Es sábado, ¿qué hacemos hoy? ¿Vamos de pic-nic y luego al cine? Puf, pero el día no está tan soleado, ¿mejor vamos a la manifestación y luego a la sesión de las ocho? ¿Otra posibilidad? ¡Qué vida de perros! Qué ganas de quejarme, pero mi novia está de viaje. ¿Qué hago? Solución perfecta: me convierto en indignado.
Este es el riesgo tremendo que corre uno de los movimientos juveniles más interesantes de las últimas décadas. El anterior fin de semana, el fenómeno de los ‘ndignados’ se extendió más allá de España, más allá de Europa y se convirtió en un fenómeno mundial. Pero con ese impulso de popularidad, acogimiento mundial y moda, también se pierde intensidad, se desgasta la agudeza de las quejas y por consiguiente su capacidad de tener un impacto real. El riesgo es grave, los ‘indignados’ pueden pronto convertirse en una versión contemporánea de los hippies. Lo que implica pasar de ser una revuelta concreta frente a un fenómeno económico concreto, a una mera expresión de disgusto generacional.
Los ‘indignados’ de las diferentes ciudades compartieron la fecha de la convocatoria y las ganas de quejarse, algún vago olor a izquierda pero cada vez más difuminado. En España se quejaron en contra de la instalación del Escudo Antimisiles de la OTAN en Andalucía, en Portugal se gritó en contra del FMI, en Japón se manifestaban frente a Tepco, la empresa que gestionaba la desgraciada central nuclear de Fukushima; en Bruselas se grafitearon las vitrinas del banco franco-belga Dexia, que acaba de ser salvado por segunda vez; en Santiago de Chile se manifestó a propósito de la educación; en Nueva York se protestó con mucha música en contra de la bolsa, Rabat, Berlín, Tel Aviv, Seúl, cada país se indignó a su gusto.

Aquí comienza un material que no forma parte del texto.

text \<open>Let the best response \<open>b\<^sub>i(\<theta>)\<close> be the least \<open>x \<in> [0, C\<^sub>i]\<close> with \<open>u\<^sub>i(x, \<theta>\<^sub>-\<^sub>i) \<ge> \<mu>\<^sub>i\<close>;
  it exists because \<open>u\<^sub>i\<close> is continuous in its own coordinate and \<open>u\<^sub>i(C\<^sub>i, \<theta>\<^sub>-\<^sub>i) \<ge> u\<^sub>i(C\<^sub>i, \<zero>\<^sub>-\<^sub>i) \<ge> \<mu>\<^sub>i\<close>.
  Changing \<open>\<theta>\<^sub>-\<^sub>i\<close> by \<open>\<delta>\<close> in \<open>\<ell>\<^sub>1\<close> changes \<open>u\<^sub>i\<close> by at most \<open>c\<^sub>1\<delta>\<close>, which agent \<open>i\<close> compensates
  by raising its own coordinate by \<open>c\<^sub>1\<delta>/c\<^sub>2\<close>; hence \<open>b\<^sub>i\<close> is Lipschitz. Brouwer's theorem gives
  a fixed point of \<open>b\<close> in the box, and a fixed point is a stable equilibrium because every
  agent already contributes the least amount that keeps it feasible.\<close>

lemma nondecreasing_if_deriv_within_nonneg:
  fixes F :: "real \<Rightarrow> real"
  assumes deriv: "\<And>t. t \<in> {a..b} \<Longrightarrow> \<exists>D. (F has_real_derivative D) (at t within {a..b}) \<and> 0 \<le> D"
    and "a \<le> x" "x \<le> y" "y \<le> b"
  shows "F x \<le> F y"
proof -
  have "continuous_on {a..b} F"
    unfolding continuous_on_eq_continuous_within using deriv DERIV_continuous by blast
  then have cont: "continuous_on {x..y} F"
    by (rule continuous_on_subset) (use assms in auto)
  show ?thesis
  proof (rule DERIV_nonneg_imp_increasing_open[OF \<open>x \<le> y\<close> _ cont])
    fix t assume "x < t" "t < y"
    then have "a < t" "t < b" using assms by auto
    then have "at t within {a..b} = at t" by (rule at_within_Icc_at)
    moreover obtain D where "(F has_real_derivative D) (at t within {a..b})" "0 \<le> D"
      using deriv[of t] \<open>a < t\<close> \<open>t < b\<close> by auto
    ultimately show "\<exists>D. DERIV F t :> D \<and> 0 \<le> D" by auto
  qed
qed

lemma growth_if_deriv_within_ge:
  fixes F :: "real \<Rightarrow> real"
  assumes deriv: "\<And>t. t \<in> {a..b} \<Longrightarrow> \<exists>D. (F has_real_derivative D) (at t within {a..b}) \<and> c \<le> D"
    and "a \<le> x" "x \<le> y" "y \<le> b"
  shows "F x + c * (y - x) \<le> F y"
proof -
  have "(\<lambda>s. F s - c * s) x \<le> (\<lambda>s. F s - c * s) y"
  proof (rule nondecreasing_if_deriv_within_nonneg[OF _ assms(2-)])
    fix t assume "t \<in> {a..b}"
    then obtain D where "(F has_real_derivative D) (at t within {a..b})" "c \<le> D"
      using deriv by blast
    then show "\<exists>D. ((\<lambda>s. F s - c * s) has_real_derivative D) (at t within {a..b}) \<and> 0 \<le> D"
      by (intro exI[of _ "D - c"]) (auto intro!: derivative_eq_intros)
  qed
  then show ?thesis by (simp add: algebra_simps)
qed
lemma elliptic_nabla_ode_solution_constant:
  assumes g: "elliptic g" "g analytic_on {0}" "g 0 \<noteq> 0"
    and ode: "eventually (\<lambda>z. nabla_ode \<kappa> (g z) (deriv g z) = 0) (nhds 0)"
  shows "eventually (\<lambda>z. g z = g 0) (nhds 0)"
proof -
  obtain w1 w2 where mero: "g meromorphic_on UNIV" and indep: "Im (w2 * cnj w1) \<noteq> 0"
    and per: "\<And>z. g (z + w1) = g z" "\<And>z. g (z + w2) = g z"
    using g(1) unfolding elliptic_def by blast
  define G where "G = remove_sings g"
  have G: "G nicely_meromorphic_on UNIV"
    unfolding G_def by (rule remove_sings_nicely_meromorphic[OF mero])
  have Gg: "eventually (\<lambda>z. G z = g z) (nhds 0)"
    unfolding G_def by (rule eventually_remove_sings_eq_nhds[OF g(2)])
  have "eventually (\<lambda>z. nabla_ode \<kappa> (G z) (deriv G z) = 0) (nhds 0)"
    using Gg eventually_deriv_cong[OF Gg] ode by eventually_elim simp
  then have "nabla_ode \<kappa> (G z) (deriv G z) = 0" if "\<not> is_pole G z" for z
    using nabla_ode_global[OF G _ that] by blast
  moreover have "G 0 \<noteq> 0"
    using g(2,3) by (simp add: G_def)
  ultimately have "G z \<noteq> 0" if "\<not> is_pole G z" for z
    using nabla_ode_solution_zero_free[OF G] that by blast
  moreover have "G (z + w1) = G z" "G (z + w2) = G z" for z
    unfolding G_def using remove_sings_periodic per by blast+
  ultimately have "G z = G 0" for z
    by (intro zero_free_doubly_periodic_imp_constant[OF G _ indep])
  then show ?thesis
    using Gg eventually_nhds_x_imp_x[OF Gg] by (auto elim: eventually_mono)
qed

theorem theorem10:
  fixes \<kappa> :: real and r :: real and \<phi> \<psi> :: "complex \<Rightarrow> complex"
  assumes "0 < \<kappa>" and "\<kappa> < 1" and "0 < r"
    and "\<phi> holomorphic_on ball 0 r" and "\<phi> 0 = 0"
    and "\<forall>u\<in>ball 0 r. u_of_phi \<kappa> (\<phi> u) = u"
    and "\<psi> holomorphic_on ball 0 r" and "\<psi> 0 = 0"
    and "\<forall>u\<in>ball 0 r. sin (\<psi> u) = complex_of_real \<kappa> * sin (\<phi> u)"
  shows "\<not> (\<exists>g. elliptic g \<and> (\<forall>u\<in>ball 0 r. g u = (cos (2/3 * \<psi> u))\<^sup>2))"
proof
  assume "\<exists>g. elliptic g \<and> (\<forall>u\<in>ball 0 r. g u = (cos (2/3 * \<psi> u))\<^sup>2)"
  then obtain g where g: "elliptic g" and g_eq: "\<forall>u\<in>ball 0 r. g u = (cos (2/3 * \<psi> u))\<^sup>2"
    by blast
  define N where "N = (\<lambda>u. (cos (2/3 * \<psi> u))\<^sup>2)"
  have "eventually (\<lambda>u. u \<in> ball 0 r) (nhds 0)"
    using assms(3) by (intro eventually_nhds_in_open) auto
  then have gN: "eventually (\<lambda>u. g u = N u) (nhds 0)"
    by eventually_elim (simp add: g_eq N_def)
  have "g holomorphic_on ball 0 r"
    by (rule holomorphic_transform[of N]) (simp_all add: g_eq N_def holomorphic_intros assms(7))
  then have "g analytic_on {0}"
    using assms(3) unfolding analytic_at by (intro exI[of _ "ball 0 r"]) auto
  moreover have g0: "g 0 = 1"
    using g_eq assms(3,8) by simp
  moreover have "eventually (\<lambda>u. nabla_ode \<kappa> (N u) (deriv N u) = 0) (nhds 0)"
    unfolding N_def using assms by (intro nabla_ode_cos_two_thirds_sq[of \<kappa> r]) auto
  with gN eventually_deriv_cong[OF gN] have "eventually (\<lambda>u. nabla_ode \<kappa> (g u) (deriv g u) = 0) (nhds 0)"
    by eventually_elim simp
  ultimately have "eventually (\<lambda>u. g u = g 0) (nhds 0)"
    by (intro elliptic_nabla_ode_solution_constant[OF g]) simp_all
  with gN have "eventually (\<lambda>u. N u = 1) (nhds 0)"
    by eventually_elim (simp add: g0)
  then show False
    using not_eventually_cos_two_thirds_sq_eq_1[of \<kappa> r \<psi> \<phi>] assms by (simp add: N_def)
qed
(* Every consistent theory $x$ can be extended to a maximal consistent theory $y\supseteq x$.
   Context: Fix a finite set $A$ of agents and a countable set $P$ of propositional variables. The language $\mathcal{L}_{CoRGAL}$ is given by $\varphi ::= p \mid \neg\varphi \mid (\varphi\wedge\varphi) \mid K_a\varphi \mid [\varphi]\varphi \mid [G,\varphi]\varphi \mid [\langle G\rangle]\varphi$ with $p\in P$, $a\in A$, $G\subseteq A$. $\mathcal{L}_{EL}$ is the fragment built only from $p,\neg,\wedge,K_a$. Duals: $\langle\psi\rangle\varphi:=\neg[\psi]\neg\varphi$, $\langle G,\psi\rangle\varphi:=\neg[G,\psi]\neg\varphi$. $\mathcal{L}^G_{EL}$ is the set of formulas $\bigwedge_{i\in G}K_i\varphi_i$ with $\varphi_i\in\mathcal{L}_{EL}$; $\psi_G$ ranges over it. Necessity forms: $\eta ::= \sharp \mid \varphi\to\eta(\sharp)\mid K_a\eta(\sharp)\mid[\varphi]\eta(\sharp)$; $\sharp$ occurs exactly once and $\eta(\varphi)$ is the result of replacing $\sharp$ by $\varphi$. $\mathbf{CoRGAL}$ is the smallest set of formulas containing all instances of: (A0) propositional tautologies; (A1) $K_a(\varphi\to\psi)\to(K_a\varphi\to K_a\psi)$; (A2) $K_a\varphi\to\varphi$; (A3) $K_a\varphi\to K_aK_a\varphi$; (A4) $\neg K_a\varphi\to K_a\neg K_a\varphi$; (A5) $[\varphi]p\leftrightarrow(\varphi\to p)$; (A6) $[\varphi]\neg\psi\leftrightarrow(\varphi\to\neg[\varphi]\psi)$; (A7) $[\varphi](\psi\wedge\chi)\leftrightarrow([\varphi]\psi\wedge[\varphi]\chi)$; (A8) $[\varphi]K_a\psi\leftrightarrow(\varphi\to K_a[\varphi]\psi)$; (A9) $[\varphi][\psi]\chi\leftrightarrow[\varphi\wedge[\varphi]\psi]\chi$; (A10) $[G,\chi]\varphi\to\chi\wedge[\psi_G\wedge\chi]\varphi$ for any $\psi_G$; (A11) $[\langle G\rangle]\varphi\to\langle A\setminus G,\psi_G\rangle\varphi$ for any $\psi_G$; and closed under: (R0) modus ponens; (R1) from $\varphi$ infer $K_a\varphi$; (R2) from $\varphi$ infer $[\psi]\varphi$; (R3) from $\varphi$ infer $[G,\chi]\varphi$; (R4) from $\varphi$ infer $[\langle G\rangle]\varphi$; (R5) from $\eta(\chi\wedge[\psi_G\wedge\chi]\varphi)$ for all $\psi_G$ infer $\eta([G,\chi]\varphi)$; (R6) from $\eta(\langle A\setminus G,\psi_G\rangle\varphi)$ for all $\psi_G$ infer $\eta([\langle G\rangle]\varphi)$. A theory is a set of formulas containing $\mathbf{CoRGAL}$ and closed under (R0), (R5), (R6). A theory $x$ is consistent iff $\bot\notin x$, and maximal iff for every formula $\varphi$, $\varphi\in x$ or $\neg\varphi\in x$. *)

theory Defs
  imports "HOL-Library.Countable"
begin

text \<open>Formulas of CoRGAL. Agents: a finite type 'a (A = UNIV); propositional
  variables: a countable type 'p.\<close>

datatype ('a, 'p) fm =
    Atom 'p
  | Neg "('a, 'p) fm"
  | Conj "('a, 'p) fm" "('a, 'p) fm"
  | K 'a "('a, 'p) fm"
  | Ann "('a, 'p) fm" "('a, 'p) fm"
  | GAnn "'a set" "('a, 'p) fm" "('a, 'p) fm"
  | Coal "'a set" "('a, 'p) fm"

definition Bot :: "('a, 'p) fm" where
  "Bot = Conj (Atom undefined) (Neg (Atom undefined))"
lemma barycentre_in_stratum:
  assumes x: "x \<in> chamber k" and y: "y \<in> Y" and yZ: "\<forall>r<k. (y, x r) \<in> Z"
    and t: "\<forall>r<k. t r > 0" "(\<Sum>r<k. t r) = 1"
  shows "(y, \<Sum>r<k. t r *\<^sub>R i (y, x r)) \<in> stratum"
proof -
  define p where "p r = i (y, x r)" for r
  define A where "A = i ` {z \<in> Z. fst z = y}"
  define u where "u = (\<Sum>r<k. t r *\<^sub>R p r)"
  have pinj: "inj_on p {..<k}" and pA: "p ` {..<k} \<subseteq> A"
    using fibre_points[OF x yZ] unfolding p_def A_def by auto
  have cardp: "card (p ` {..<k}) = k" using pinj by (simp add: card_image)
  have "u \<in> convex hull (p ` {..<k})" unfolding u_def
    by (rule convex_sum) (use t in \<open>auto intro: less_imp_le hull_inc\<close>)
  then have "(y, u) \<in> filt k" unfolding mem_filt_iff using y pA cardp unfolding A_def
    by (intro conjI exI[of _ "p ` {..<k}"]) auto
  moreover have "(y, u) \<notin> filt (k - 1)"
  proof
    assume "(y, u) \<in> filt (k - 1)"
    then obtain S where S: "S \<subseteq> A" "finite S" "card S \<le> k - 1" "u \<in> convex hull S"
      unfolding mem_filt_iff A_def by blast
    have "p ` {..<k} \<subseteq> S"
      using affine_independent_convex_hull_support_indexed[OF affine_independent_fibre[OF y] _ pinj t]
        pA S u_def unfolding A_def by blast
    then have "k \<le> card S" using cardp card_mono[OF S(2)] by metis
    then show False using S(3) k1 by linarith
  qed
  ultimately show ?thesis unfolding stratum_def u_def p_def by simp
qed

lemma param_in_stratum: "x \<in> chamber k \<Longrightarrow> param (x, v) \<in> stratum"
  unfolding param_eq using k1
  by (intro barycentre_in_stratum tuple_in_Y tuple_in_Z weight_pos weight_sum allI impI) auto

definition coords :: "(nat \<Rightarrow> complex poly) \<Rightarrow> (nat \<Rightarrow> real) \<Rightarrow> nat \<Rightarrow> real" where
  "coords h t idx =
    (if idx < ncoeffs then
      (if idx mod dK = 0 then Re (coeff (h (idx div dK div e)) (idx div dK mod e))
       else Im (coeff (h (idx div dK div e)) (idx div dK mod e)))
     else if idx < fdim then ln (t (idx - ncoeffs) / t (k - 1)) else 0)"

lemma dK_cases: "(K = \<real> \<and> dK = 1) \<or> (K = UNIV \<and> dK = 2)"
  using dimK_cases[OF K] by (simp add: dK_def)

lemma ncoeffs_index:
  assumes "idx < ncoeffs"
  shows "idx div dK div e < m" "idx div dK mod e < e" "idx mod dK < dK"
proof -
  have "idx < m * e * dK" using assms unfolding ncoeffs_def by (simp add: ac_simps)
  then have q: "idx div dK < m * e" using dK_cases div_less_iff_less_mult by auto
  moreover from q have "e > 0" by (cases e) auto
  ultimately show "idx div dK div e < m" "idx div dK mod e < e"
    by (simp_all add: div_less_iff_less_mult)
  show "idx mod dK < dK" using dK_cases by auto
qed
interpretation operator: matrix_norm_bound n op_norm_le for n
proof
  show "op_norm_le (0\<^sub>m n n) 0"
    unfolding op_norm_le_def cvec_norm_eq_L2_set
    by (auto intro!: eq_refl L2_set_0' simp: scalar_prod_def)
next
  fix X Y :: "complex mat" and a b
  assume X: "X \<in> carrier_mat n n" and Y: "Y \<in> carrier_mat n n"
    and a: "op_norm_le X a" and b: "op_norm_le Y b"
  have a0: "0 \<le> a" and b0: "0 \<le> b"
    and Xv: "\<And>v. v \<in> carrier_vec n \<Longrightarrow> cvec_norm (X *\<^sub>v v) \<le> a * cvec_norm v"
    and Yv: "\<And>v. v \<in> carrier_vec n \<Longrightarrow> cvec_norm (Y *\<^sub>v v) \<le> b * cvec_norm v"
    using X Y a b unfolding op_norm_le_def by auto
  show "op_norm_le (X + Y) (a + b)"
    unfolding op_norm_le_def
  proof (intro conjI ballI)
    fix v :: "complex vec" assume "v \<in> carrier_vec (dim_col (X + Y))"
    then have v: "v \<in> carrier_vec n" using Y by simp
    have "cvec_norm ((X + Y) *\<^sub>v v) = cvec_norm (X *\<^sub>v v + Y *\<^sub>v v)"
      using X Y v by (simp add: add_mult_distrib_mat_vec)
    also have "\<dots> \<le> cvec_norm (X *\<^sub>v v) + cvec_norm (Y *\<^sub>v v)"
      using X Y v by (intro cvec_norm_add_le[of _ n]) auto
    also have "\<dots> \<le> (a + b) * cvec_norm v"
      using Xv[OF v] Yv[OF v] by (simp add: algebra_simps)
    finally show "cvec_norm ((X + Y) *\<^sub>v v) \<le> (a + b) * cvec_norm v" .
  qed (use a0 b0 in simp)
  show "op_norm_le (X * Y) (a * b)"
    unfolding op_norm_le_def
  proof (intro conjI ballI)
    fix v :: "complex vec" assume "v \<in> carrier_vec (dim_col (X * Y))"
    then have v: "v \<in> carrier_vec n" using Y by simp
    have "cvec_norm ((X * Y) *\<^sub>v v) = cvec_norm (X *\<^sub>v (Y *\<^sub>v v))"
      using X Y v by simp
    also have "\<dots> \<le> a * cvec_norm (Y *\<^sub>v v)"
      using Xv Y v by simp
    also have "\<dots> \<le> a * (b * cvec_norm v)"
      using Yv[OF v] a0 by (rule mult_left_mono)
    finally show "cvec_norm ((X * Y) *\<^sub>v v) \<le> a * b * cvec_norm v" by simp
  qed (use a0 b0 in simp)
next
  fix X :: "complex mat" and a s
  assume X: "X \<in> carrier_mat n n" and a: "op_norm_le X a"
  show "op_norm_le (s \<cdot>\<^sub>m X) (cmod s * a)"
    unfolding op_norm_le_def
  proof (intro conjI ballI)
    fix v :: "complex vec" assume "v \<in> carrier_vec (dim_col (s \<cdot>\<^sub>m X))"
    then have v: "v \<in> carrier_vec n" using X by simp
    have "(s \<cdot>\<^sub>m X) *\<^sub>v v = s \<cdot>\<^sub>v (X *\<^sub>v v)"
      using X v by (intro eq_vecI) (auto simp: scalar_prod_def sum_distrib_left algebra_simps)
    then show "cvec_norm ((s \<cdot>\<^sub>m X) *\<^sub>v v) \<le> cmod s * a * cvec_norm v"
      using a X v unfolding op_norm_le_def by (simp add: cvec_norm_smult mult_left_mono mult.assoc)
  qed (use a in \<open>simp add: op_norm_le_def\<close>)
qed

lemma cmod_conjugate_scalar_prod_le:
  assumes "u \<in> carrier_vec n" "v \<in> carrier_vec n"
  shows "cmod (conjugate u \<bullet> v) \<le> cvec_norm u * cvec_norm v"
  using cmod_scalar_prod_le[of "conjugate u" n v] assms by (simp add: cvec_norm_conjugate)

lemma cvec_norm_unit_vec:
  assumes "i < n"
  shows "cvec_norm (unit_vec n i) = 1"
proof -
  have "(cvec_norm (unit_vec n i))\<^sup>2 = (\<Sum>j<n. if j = i then 1 else 0)"
    unfolding cvec_norm_sq by (intro sum.cong) (auto simp: unit_vec_def)
  also have "\<dots> = 1"
    using assms by simp
  finally show ?thesis
    using cvec_norm_nonneg[of "unit_vec n i"] by (simp add: power2_eq_1_iff)
qed

lemma sum_fourth_roots_of_unity:
  "(\<Sum>c\<in>{1, -1, \<i>, -\<i>}. f c) = f 1 + f (-1) + f \<i> + f (-\<i>)"
  by (simp add: complex_eq_iff add.assoc)

lemma sum_fourth_roots_cmod_add_mult_sq:
  fixes a b :: complex
  shows "(\<Sum>c\<in>{1, -1, \<i>, -\<i>}. (cmod (a + c * b))\<^sup>2) = 4 * ((cmod a)\<^sup>2 + (cmod b)\<^sup>2)"
  unfolding sum_fourth_roots_of_unity cmod_power2 by (simp add: power2_eq_square algebra_simps)

lemma sum_fourth_roots_cvec_norm_add_smult_sq:
  assumes u: "u \<in> carrier_vec n" and v: "v \<in> carrier_vec n"
  shows "(\<Sum>c\<in>{1, -1, \<i>, -\<i>}. (cvec_norm (u + c \<cdot>\<^sub>v v))\<^sup>2) = 4 * ((cvec_norm u)\<^sup>2 + (cvec_norm v)\<^sup>2)"
proof -
  have "(\<Sum>c\<in>{1, -1, \<i>, -\<i>}. (cvec_norm (u + c \<cdot>\<^sub>v v))\<^sup>2)
      = (\<Sum>c\<in>{1, -1, \<i>, -\<i>}. \<Sum>i<n. (cmod (u $ i + c * v $ i))\<^sup>2)"
    using u v by (intro sum.cong refl) (simp add: cvec_norm_sq)
  also have "\<dots> = (\<Sum>i<n. 4 * ((cmod (u $ i))\<^sup>2 + (cmod (v $ i))\<^sup>2))"
    by (subst sum.swap) (simp only: sum_fourth_roots_cmod_add_mult_sq)
  also have "\<dots> = 4 * ((cvec_norm u)\<^sup>2 + (cvec_norm v)\<^sup>2)"
    using u v by (simp add: cvec_norm_sq sum_distrib_left sum.distrib)
  finally show ?thesis .
qed

context
  fixes n :: nat and X :: "complex mat"
  assumes n: "0 < n" and X: "X \<in> carrier_mat n n"
begin

lemma cmod_quadratic_form_le_num_radius:
  assumes "v \<in> carrier_vec n" "cvec_norm v = 1"
  shows "cmod (conjugate v \<bullet> (X *\<^sub>v v)) \<le> num_radius X"
proof -
  have "cmod (conjugate w \<bullet> (X *\<^sub>v w)) \<le> frob_norm X"
    if "w \<in> carrier_vec n" "cvec_norm w = 1" for w
    using cmod_conjugate_scalar_prod_le[of w n "X *\<^sub>v w"] cvec_norm_mult_mat_vec_le[OF X that(1)] X that
    by auto
  then have "bdd_above {cmod (conjugate w \<bullet> (X *\<^sub>v w)) | w. w \<in> carrier_vec n \<and> cvec_norm w = 1}"
    by (intro bdd_aboveI[of _ "frob_norm X"]) auto
  then show ?thesis
    unfolding num_radius_def using X assms by (auto intro!: cSup_upper)
qed

lemma num_radius_least:
  assumes "\<And>v. v \<in> carrier_vec n \<Longrightarrow> cvec_norm v = 1 \<Longrightarrow> cmod (conjugate v \<bullet> (X *\<^sub>v v)) \<le> c"
  shows "num_radius X \<le> c"
  unfolding num_radius_def using X assms n cvec_norm_unit_vec[OF n]
  by (intro cSup_least) (auto intro!: exI[of _ "unit_vec n 0"])

lemma num_radius_nonneg: "0 \<le> num_radius X"
  using cmod_quadratic_form_le_num_radius[of "unit_vec n 0"] cvec_norm_unit_vec[OF n] norm_ge_zero
  by (metis order_trans unit_vec_carrier)

lemma cmod_quadratic_form_le:
  assumes w: "w \<in> carrier_vec n"
  shows "cmod (conjugate w \<bullet> (X *\<^sub>v w)) \<le> num_radius X * (cvec_norm w)\<^sup>2"
proof (cases "cvec_norm w = 0")
  case True
  then show ?thesis
    using cmod_conjugate_scalar_prod_le[of w n "X *\<^sub>v w"] X w by auto
next
  case False
  define r where "r = cvec_norm w"
  have r: "0 < r" using False cvec_norm_nonneg[of w] unfolding r_def by linarith
  define v where "v = complex_of_real (1 / r) \<cdot>\<^sub>v w"
  have "v \<in> carrier_vec n" and "cvec_norm v = 1"
    using w r unfolding v_def r_def by (auto simp: cvec_norm_smult norm_divide)
  then have "cmod (conjugate v \<bullet> (X *\<^sub>v v)) \<le> num_radius X"
    by (rule cmod_quadratic_form_le_num_radius)
  moreover have "conjugate v \<bullet> (X *\<^sub>v v) = complex_of_real (1 / r\<^sup>2) * (conjugate w \<bullet> (X *\<^sub>v w))"
    unfolding v_def using X w
    by (simp add: conjugate_smult_vec mult_mat_vec smult_scalar_prod_distrib[of _ n]
        scalar_prod_smult_distrib[of _ n] power2_eq_square)
  then have "cmod (conjugate v \<bullet> (X *\<^sub>v v)) = cmod (conjugate w \<bullet> (X *\<^sub>v w)) / r\<^sup>2"
    by (simp add: norm_mult norm_divide norm_power)
  ultimately show ?thesis
    using r unfolding r_def[symmetric] by (simp add: pos_divide_le_eq)
qed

Tan adaptables fueron los reclamos que no sorprendería demasiado que Rafael Correa intentase hacerse pasar por indignado para arremeter contra la prensa. Análogamente, el sistema financiero cedió protagonismo, así como la deuda de las nuevas generaciones, y la calidad de los debates se empobreció enormemente.
Entiéndaseme bien, no quiero decir que está mal que la gente se manifieste, y no estoy necesariamente en contra de que el grupo de los ‘indignados’ crezca. Además, considero que es sensacional recordar de vez en cuando al mundo político que la sociedad espera cambios radicales respecto al orden actual. Pero si constato, y me lamento, que el movimiento pierda su contundencia.
El filósofo español Ortega y Gasset, explica justamente esto en su célebre obra la Revolución de las Masas. Al popularizarse, la cultura, las ideas, los movimientos se vulgarizan. Entonces, el presente le enfrenta a uno a una disyuntiva ideológica, preferir la difusión del movimiento o bien su reclusión en aras de una mejor efectividad. Yo prefiero lo segundo.